Tiga puluh satu tahun telah berlalu sejak ditandatanganinya Perjanjian Oslo. Katanya, Palestina merdeka. Nyatanya, hingga saat ini Palestina negosiasi status akhir antara pemimpin Palestina dan Israel masih terus menemui kegagalan.
Perjanjian Oslo yang ditetapkan pada 13 September 1993, bertujuan untuk menetapkan Otoritas Pemerintahan Sendiri Sementara Palestina untuk rakyat Palestina di Tepi Barat dan Jalur Gaza dengan masa transisi maksimal lima tahun serta mengarah pada penyelesaian permanen.
Dalam rangka memperingati peristiwa tersebut, pada hari Ahad (15/09), Adara mengadakan webinar “31 Tahun Perjanjian Oslo: Bagaimana Dampak dan Masa Depan Palestina?”.
Shofwan Al-Banna Choiruzzad, S.Sos., M.A., Ph.D., profesor dan dosen Hubungan Internasional Fakultas Ilmu Sosial dan Ilmu Politik Universitas Indonesia menjadi pembicara dalam webinar ini. Maryam Rachmayani, S.Th.I., M.M., Direktur Utama Adara Relief International pun turut berbagi pandangannya dalam webinar ini.

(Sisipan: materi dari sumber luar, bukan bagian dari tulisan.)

lemma simple_quot: "simple_graph VN adjN"
  unfolding simple_graph_def quot_adj_def using finite_quot_V adj_sym by blast

lemma quot_adj_lift:
  assumes "adjN B C" "v \<in> B"
  shows "\<exists>u\<in>C. adj v u"
proof -
  obtain b c where bc: "b \<in> B" "c \<in> C" "adj b c" "B \<in> VN" "C \<in> VN"
    using assms(1) unfolding quot_adj_def by blast
  have "v \<in> orbit_of N b"
    using mem_quot_V bc(1,4) assms(2) by blast
  then obtain n where n: "n \<in> N" "v = n b"
    unfolding orbit_of_def by blast
  have "n c \<in> C"
    using mem_quot_V[OF bc(5,2)] n(1) unfolding orbit_of_def by blast
  moreover have "adj v (n c)"
    using G_adj[OF _ bc(3)] n N_subset_G by blast
  ultimately show ?thesis
    by blast
qed

lemma walk_lift_from:
  "walk VN adjN Bs \<Longrightarrow> v \<in> hd Bs \<Longrightarrow> \<exists>xs. walk V adj xs \<and> map (orbit_of N) xs = Bs \<and> hd xs = v"
proof (induction Bs arbitrary: v rule: induct_list012)
  case (2 B)
  then show ?case
    using mem_quot_V by (intro exI[of _ "[v]"]) auto
next
  case (3 B C Bs)
  obtain u where u: "u \<in> C" "adj v u"
    using quot_adj_lift[of B C v] 3(3,4) by auto
  then obtain xs where xs: "walk V adj xs" "map (orbit_of N) xs = C # Bs" "hd xs = u"
    using 3(2)[of u] 3(3) by auto
  have "v \<in> V" "orbit_of N v = B"
    using mem_quot_V 3(3,4) quot_adj_in_quot_V by auto
  then show ?case
    using xs u by (intro exI[of _ "v # xs"]) (cases xs; auto)
qed (simp add: walk_def)

lemma walk_lift:
  assumes "walk VN adjN Bs"
  obtains xs where "walk V adj xs" "map (orbit_of N) xs = Bs"
proof -
  have "hd Bs \<in> VN"
    using assms unfolding walk_def by (cases Bs) auto
  then obtain v where "v \<in> hd Bs"
    using quot_V_nonempty by blast
  then show ?thesis
    using walk_lift_from[OF assms] that by blast
qed

lemma arc_lift:
  assumes "arc VN adjN i Bs"
  obtains xs where "arc V adj i xs" "map (orbit_of N) xs = Bs"
proof -
  obtain xs where xs: "walk V adj xs" "map (orbit_of N) xs = Bs"
    using walk_lift assms unfolding arc_def by blast
  have len: "length xs = i + 1"
    using assms xs(2) unfolding arc_def by auto
  have "xs ! (j - 1) \<noteq> xs ! (j + 1)" if "1 \<le> j" "j + 1 \<le> i" for j
    using assms xs(2) len that unfolding arc_def by auto
  then show ?thesis
    using that xs len unfolding arc_def by blast
qed

lemma image_in_quot_V: "g \<in> G \<Longrightarrow> B \<in> VN \<Longrightarrow> g ` B \<in> VN"
  unfolding quot_V_def using image_orbit_of G_in_V by blast

lemma inj_on_image_quot_V: "g \<in> G \<Longrightarrow> inj_on (image g) VN"
  using G_bij_betw mem_quot_V quot_V_nonempty unfolding inj_on_def
  by (metis bij_betw_def inj_on_image_eq_iff subsetI)

lemma quot_adj_image:
  assumes "g \<in> G" "adjN B C"
  shows "adjN (g ` B) (g ` C)"
proof -
  obtain u v where uv: "u \<in> B" "v \<in> C" "adj u v"
    using assms(2) unfolding quot_adj_def by blast
  have BC: "B \<in> VN" "C \<in> VN" "B \<noteq> C"
    using assms(2) unfolding quot_adj_def by auto
  then have "g ` B \<noteq> g ` C"
    using inj_on_image_quot_V[OF assms(1)] by (auto dest: inj_onD)
  moreover have "g u \<in> g ` B" "g v \<in> g ` C"
    using uv by simp_all
  ultimately show ?thesis
    unfolding quot_adj_def
    using image_in_quot_V[OF assms(1) BC(1)] image_in_quot_V[OF assms(1) BC(2)]
      G_adj[OF assms(1) uv(3)]
    by blast
qed

lemma inj_endomorphisms_quot_action: "inj_endomorphisms VN adjN (quot_action G)"
  unfolding inj_endomorphisms_def quot_action_def
  using inj_on_image_quot_V image_in_quot_V quot_adj_image by blast

lemma map_image_orbit_of:
  "g \<in> G \<Longrightarrow> set xs \<subseteq> V \<Longrightarrow> map (image g) (map (orbit_of N) xs) = map (orbit_of N) (map g xs)"
  using image_orbit_of by (simp add: subset_iff)

end

section \<open>Normal quotients of 3-geodesic-transitive graphs of girth 4 or 5\<close>

locale geodesic_transitive_quotient = normal_quotient +
  assumes geodesic_trans: "geodesic_transitive V adj G 3"
    and girth: "has_girth V adj 4 \<or> has_girth V adj 5"
    and three_orbits: "3 \<le> card (quot_V V N)"
begin

lemma G_transitive_geodesics:
  "i \<le> 3 \<Longrightarrow> geodesic V adj i xs \<Longrightarrow> geodesic V adj i ys \<Longrightarrow> \<exists>g\<in>G. map g xs = ys"
  using geodesic_trans unfolding geodesic_transitive_def transitive_on_seqs_def by blast

lemma cycle_length_ge_4: "is_cycle V adj xs \<Longrightarrow> 4 \<le> length xs"
  using girth girth_le_cycle_length by fastforce

lemma triangle_free_adj: "triangle_free adj"
  unfolding triangle_free_def
proof (intro allI impI notI)
  fix x y z
  assume "adj x y" "adj y z" "adj z x"
  then have "is_cycle V adj [x, y, z]"
    using adj_in_V adj_irrefl unfolding is_cycle_def by fastforce
  then show False
    using cycle_length_ge_4 by fastforce
qed

lemma geodesic_2_path: "adj u v \<Longrightarrow> adj v w \<Longrightarrow> u \<noteq> w \<Longrightarrow> geodesic V adj 2 [u, v, w]"
  using geodesic_2_path_if_triangle_free[OF simple connected triangle_free_adj] .

lemma geodesic_if_arc: "arc V adj i xs \<Longrightarrow> i \<le> 2 \<Longrightarrow> geodesic V adj i xs"
  using geodesic_if_arc_triangle_free[OF simple connected triangle_free_adj] .

lemma quot_V_not_subset_pair: "\<not> VN \<subseteq> {B, C}"
proof
  assume "VN \<subseteq> {B, C}"
  then have "card VN \<le> card {B, C}"
    by (simp add: card_mono)
  also have "\<dots> \<le> 2"
    by (simp add: card_insert_le_m1)
  finally show False
    using three_orbits by simp
qed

Shofwan menyatakan bahwa Palestina bukan tidak ingin berdamai, melainkan mereka ingin hak-hak dasar mereka sebagai manusia diakui terlebih dahulu. “Palestina berharap Perjanjian Oslo menjadi langkah awal menuju perdamaian seperti pada Perjanjian Hudaibiyah, meskipun ada ketimpangan, yang terpenting sudah ada pengakuan terhadap Palestina,” imbuh Shofwan.

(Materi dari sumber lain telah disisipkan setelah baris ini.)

lemma sum_weighted_squares_pos:
  fixes c x :: "'a::finite \<Rightarrow> 'b::finite \<Rightarrow> real"
  assumes c: "\<And>i j. 0 < c i j" and nz: "x i0 j0 \<noteq> 0"
  shows "0 < (\<Sum>i\<in>UNIV. \<Sum>j\<in>UNIV. c i j * x i j * x i j)"
proof -
  have nonneg: "0 \<le> c i j * x i j * x i j" for i j
    using c[of i j] by (simp add: mult.assoc)
  have "0 < c i0 j0 * x i0 j0 * x i0 j0"
    using c[of i0 j0] nz by (auto simp: mult.assoc zero_less_mult_iff linorder_neq_iff)
  then have "0 < (\<Sum>j\<in>UNIV. c i0 j * x i0 j * x i0 j)"
    using nonneg by (intro sum_pos2[of UNIV j0]) auto
  then show ?thesis
    using nonneg by (intro sum_pos2[of UNIV i0] sum_nonneg) auto
qed

theorem theorem5:
  fixes \<theta>1 \<theta>2 :: real and S :: "real^'n^'n"
  assumes "spd S"
  shows "(\<forall>X Y Z (a::real). sym_mat X \<and> sym_mat Y \<and> sym_mat Z \<longrightarrow>
            mpa_form \<theta>1 \<theta>2 S (X + a *\<^sub>R Z) Y
              = mpa_form \<theta>1 \<theta>2 S X Y + a * mpa_form \<theta>1 \<theta>2 S Z Y)
       \<and> (\<forall>X Y. sym_mat X \<and> sym_mat Y \<longrightarrow> mpa_form \<theta>1 \<theta>2 S X Y = mpa_form \<theta>1 \<theta>2 S Y X)
       \<and> (\<forall>X. sym_mat X \<and> X \<noteq> 0 \<longrightarrow> mpa_form \<theta>1 \<theta>2 S X X > 0)
       \<and> (\<forall>X Y. sym_mat X \<and> sym_mat Y \<longrightarrow> mpa_form \<theta>1 \<theta>2 S X Y = mpa_form \<theta>2 \<theta>1 S X Y)"
proof -
  obtain U lam where oU: "orthogonal_matrix U" and S: "S = U ** diag_mat lam ** transpose U"
    and lam_pos: "\<And>i. 0 < lam $ i"
    using spd_spectral_decomposition[OF assms] by blast
  note form = mpa_form_spectral[OF oU S lam_pos]
  have linear: "mpa_form \<theta>1 \<theta>2 S (X + a *\<^sub>R Z) Y = mpa_form \<theta>1 \<theta>2 S X Y + a * mpa_form \<theta>1 \<theta>2 S Z Y"
    if "sym_mat X" "sym_mat Y" "sym_mat Z" for X Y Z :: "real^'n^'n" and a :: real
    using that by (simp add: form sym_mat_add_scaleR transpose_conj_add_scaleR algebra_simps
        sum.distrib sum_distrib_left)
  have positive: "0 < mpa_form \<theta>1 \<theta>2 S X X" if "sym_mat X" "X \<noteq> 0" for X :: "real^'n^'n"
  proof -
    have "transpose U ** X ** U \<noteq> 0"
      using that orthogonal_matrix_transpose_conj_eq_0_iff[OF oU] by blast
    then obtain i j where "(transpose U ** X ** U) $ i $ j \<noteq> 0"
      by (metis vec_eq_iff zero_index)
    then show ?thesis
      using that by (simp add: form sum_weighted_squares_pos mpa_weight_pos lam_pos)
  qed
  show ?thesis
    using linear positive by (auto simp: form mult_ac mpa_weight_commute)
qed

Nyatanya, Israel selalu ingkar janji dan tak pernah serius berdamai. Perjanjian Oslo secara timpang mengakui hak kemerdekaan Israel, tapi tidak ada pengakuan yang sama dan setara untuk Palestina. “Proses perdamaian” digunakan untuk mengekalkan dan memperluas okupasi.
Maryam turut memaparkan bahwa dampak panjang ekonomi Palestina akibat pembagian wilayah dalam Perjanjian Oslo meliputi: 1) Pemecahan wilayah Palestina secara administrasi, politik, dan fisik; 2) Penguatan kendali Israel atas sumber daya Palestina; 3) Penghancuran ekonomi serta ketergantungan Palestina pada bantuan internasional.
“Sebelumnya Palestina menjadi salah satu pengekspor produk kapas dan minyak zaitun terbaik di dunia. Penjajahan Israel mematikan sektor pertanian produktif Palestina, yang memicu kehancuran ekonomi nyata sehingga mereka terus bergantung pada bantuan internasional,” pungkas Maryam.
Wilayah yang saat ini berada di bawah kendali Israel sebagai akibat dari Perjanjian Oslo merupakan area yang kaya akan sumber daya alam. Kendali penuh Israel atas sumber daya air Palestina menyebabkan 100% warga Gaza kesulitan memperoleh akses air akibat agresi, serta 47% warga Tepi Barat menerima air hanya dalam kurun waktu kurang dari sepuluh hari setiap bulannya.
Merespon kondisi ini, selama periode 2020-2022, Adara Relief International telah membangun 24 sumur di Palestina, yang tersebar di 11 wilayah dan telah membantu lebih dari 30.000 warga Palestina.